EXERCISE INSTRUCTIONS: From the entries below, transcribe exactly the lines between the line holding "using short[OF m(1)" and the line holding "using averages by auto", inclusive; skip all other lines.

MATERIAL PROVIDED:

lemma bounded_if_periodic_averages_vanish:
  assumes R: "zero_one_matrix d R" and irreducible: "irreducible_mat d R"
    and G: "bowen_quasicocycle d R G"
    and vanish: "\<And>a. periodic_word d R a \<Longrightarrow> periodic_average a G = 0"
  shows "\<exists>K. \<forall>n\<ge>1. \<forall>x\<in>SFT d R. \<bar>G n x\<bar> \<le> K"
proof -
  obtain C where defect: "cocycle_defect_le d R G C"
    using bowen_quasicocycleD(3)[OF G] ..
  obtain V where variation:
    "\<forall>n\<ge>1. \<forall>x\<in>SFT d R. \<forall>y\<in>SFT d R. (\<forall>k<n. x k = y k) \<longrightarrow> \<bar>G n x - G n y\<bar> \<le> V"
    using bowen_quasicocycleD(4)[OF G] ..
  obtain M where closing: "\<And>x n. x \<in> SFT d R \<Longrightarrow> \<exists>a. periodic_word d R a \<and>
      n < length a \<and> length a \<le> n + M \<and> (\<forall>k<n. periodic_point a k = x k)"
    using periodic_word_extending_prefix[OF R irreducible] by blast
  obtain K where short: "\<And>m x. m \<in> {1..M} \<Longrightarrow> x \<in> SFT d R \<Longrightarrow> \<bar>G m x\<bar> \<le> K"
    using finite_uniform_bound[of "{1..M}" "SFT d R" G] bowen_quasicocycleD(2)[OF G] by auto
  have "\<bar>G n x\<bar> \<le> V + K + 4 * C" if n: "n \<ge> 1" and x: "x \<in> SFT d R" for n x
  proof -
    obtain a where a: "periodic_word d R a" "n < length a" "length a \<le> n + M"
      and prefix: "\<forall>k<n. periodic_point a k = x k"
      using closing[OF x] by blast
    define m where "m = length a - n"
    let ?p = "periodic_point a"
    have m: "m \<in> {1..M}" "length a = n + m" using a unfolding m_def by auto
    have p: "?p \<in> SFT d R" using periodic_point_in_SFT[OF a(1)] .
    have "\<bar>G n x - G n ?p\<bar> \<le> V"
      using variation n x p prefix by simp
    moreover have "\<bar>G (n + m) ?p - G n ?p - G m ((shift ^^ n) ?p)\<bar> \<le> C"
      using defect n m p unfolding cocycle_defect_le_def by simp
    moreover have "\<bar>G m ((shift ^^ n) ?p)\<bar> \<le> K"
      using short[OF m(1) funpow_shift_in_SFT[OF p]] .
    moreover have "\<bar>G (n + m) ?p\<bar> \<le> 3 * C"
      using periodic_orbit_bound_if_periodic_average_eq_0[OF a(1) defect] vanish a(1) m(2)
      by simp
    ultimately show ?thesis by (simp add: abs_le_iff)
  qed
  then show ?thesis by blast
qed

lemma bounded_iff_periodic_averages_vanish:
  assumes "zero_one_matrix d R" and "irreducible_mat d R" and G: "bowen_quasicocycle d R G"
  shows "(\<exists>K. \<forall>n\<ge>1. \<forall>x\<in>SFT d R. \<bar>G n x\<bar> \<le> K) \<longleftrightarrow>
    (\<forall>a. periodic_word d R a \<longrightarrow> periodic_average a G = 0)"
proof -
  obtain C where "cocycle_defect_le d R G C"
    using bowen_quasicocycleD(3)[OF G] ..
  then show ?thesis
    using periodic_average_eq_0_if_bounded bounded_if_periodic_averages_vanish[OF assms] by blast
qed

theorem mainTheorem8:
  fixes d :: nat and R :: "nat \<Rightarrow> nat \<Rightarrow> nat"
    and B B' :: "nat \<Rightarrow> (nat \<Rightarrow> nat) \<Rightarrow> real"
  assumes "d \<ge> 1"
    and "zero_one_matrix d R" and "irreducible_mat d R" and "aperiodic_mat d R"
    and "bowen_quasicocycle d R B" and "bowen_quasicocycle d R B'"
  shows "cohomologous d R B B' \<longleftrightarrow>
    (\<forall>a. periodic_word d R a \<longrightarrow> periodic_average a B = periodic_average a B')"
proof -
  let ?D = "\<lambda>n x. B n x - B' n x"
  obtain C C' where "cocycle_defect_le d R B C" "cocycle_defect_le d R B' C'"
    using bowen_quasicocycleD(3) assms(5,6) by blast
  then have averages: "periodic_average a ?D = periodic_average a B - periodic_average a B'"
    if "periodic_word d R a" for a
    using periodic_average_diff that by blast
  have "cohomologous d R B B' \<longleftrightarrow> (\<exists>K. \<forall>n\<ge>1. \<forall>x\<in>SFT d R. \<bar>?D n x\<bar> \<le> K)"
    unfolding cohomologous_def ..
  also have "\<dots> \<longleftrightarrow> (\<forall>a. periodic_word d R a \<longrightarrow> periodic_average a ?D = 0)"
    using bounded_iff_periodic_averages_vanish[OF assms(2,3) bowen_quasicocycle_diff[OF assms(5,6)]] .
  also have "\<dots> \<longleftrightarrow> (\<forall>a. periodic_word d R a \<longrightarrow> periodic_average a B = periodic_average a B')"
    using averages by auto
  finally show ?thesis .
qed

end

EXERCISE RESPONSE:
      using short[OF m(1) funpow_shift_in_SFT[OF p]] .
    moreover have "\<bar>G (n + m) ?p\<bar> \<le> 3 * C"
      using periodic_orbit_bound_if_periodic_average_eq_0[OF a(1) defect] vanish a(1) m(2)
      by simp
    ultimately show ?thesis by (simp add: abs_le_iff)
  qed
  then show ?thesis by blast
qed

lemma bounded_iff_periodic_averages_vanish:
  assumes "zero_one_matrix d R" and "irreducible_mat d R" and G: "bowen_quasicocycle d R G"
  shows "(\<exists>K. \<forall>n\<ge>1. \<forall>x\<in>SFT d R. \<bar>G n x\<bar> \<le> K) \<longleftrightarrow>
    (\<forall>a. periodic_word d R a \<longrightarrow> periodic_average a G = 0)"
proof -
  obtain C where "cocycle_defect_le d R G C"
    using bowen_quasicocycleD(3)[OF G] ..
  then show ?thesis
    using periodic_average_eq_0_if_bounded bounded_if_periodic_averages_vanish[OF assms] by blast
qed

theorem mainTheorem8:
  fixes d :: nat and R :: "nat \<Rightarrow> nat \<Rightarrow> nat"
    and B B' :: "nat \<Rightarrow> (nat \<Rightarrow> nat) \<Rightarrow> real"
  assumes "d \<ge> 1"
    and "zero_one_matrix d R" and "irreducible_mat d R" and "aperiodic_mat d R"
    and "bowen_quasicocycle d R B" and "bowen_quasicocycle d R B'"
  shows "cohomologous d R B B' \<longleftrightarrow>
    (\<forall>a. periodic_word d R a \<longrightarrow> periodic_average a B = periodic_average a B')"
proof -
  let ?D = "\<lambda>n x. B n x - B' n x"
  obtain C C' where "cocycle_defect_le d R B C" "cocycle_defect_le d R B' C'"
    using bowen_quasicocycleD(3) assms(5,6) by blast
  then have averages: "periodic_average a ?D = periodic_average a B - periodic_average a B'"
    if "periodic_word d R a" for a
    using periodic_average_diff that by blast
  have "cohomologous d R B B' \<longleftrightarrow> (\<exists>K. \<forall>n\<ge>1. \<forall>x\<in>SFT d R. \<bar>?D n x\<bar> \<le> K)"
    unfolding cohomologous_def ..
  also have "\<dots> \<longleftrightarrow> (\<forall>a. periodic_word d R a \<longrightarrow> periodic_average a ?D = 0)"
    using bounded_iff_periodic_averages_vanish[OF assms(2,3) bowen_quasicocycle_diff[OF assms(5,6)]] .
  also have "\<dots> \<longleftrightarrow> (\<forall>a. periodic_word d R a \<longrightarrow> periodic_average a B = periodic_average a B')"
    using averages by auto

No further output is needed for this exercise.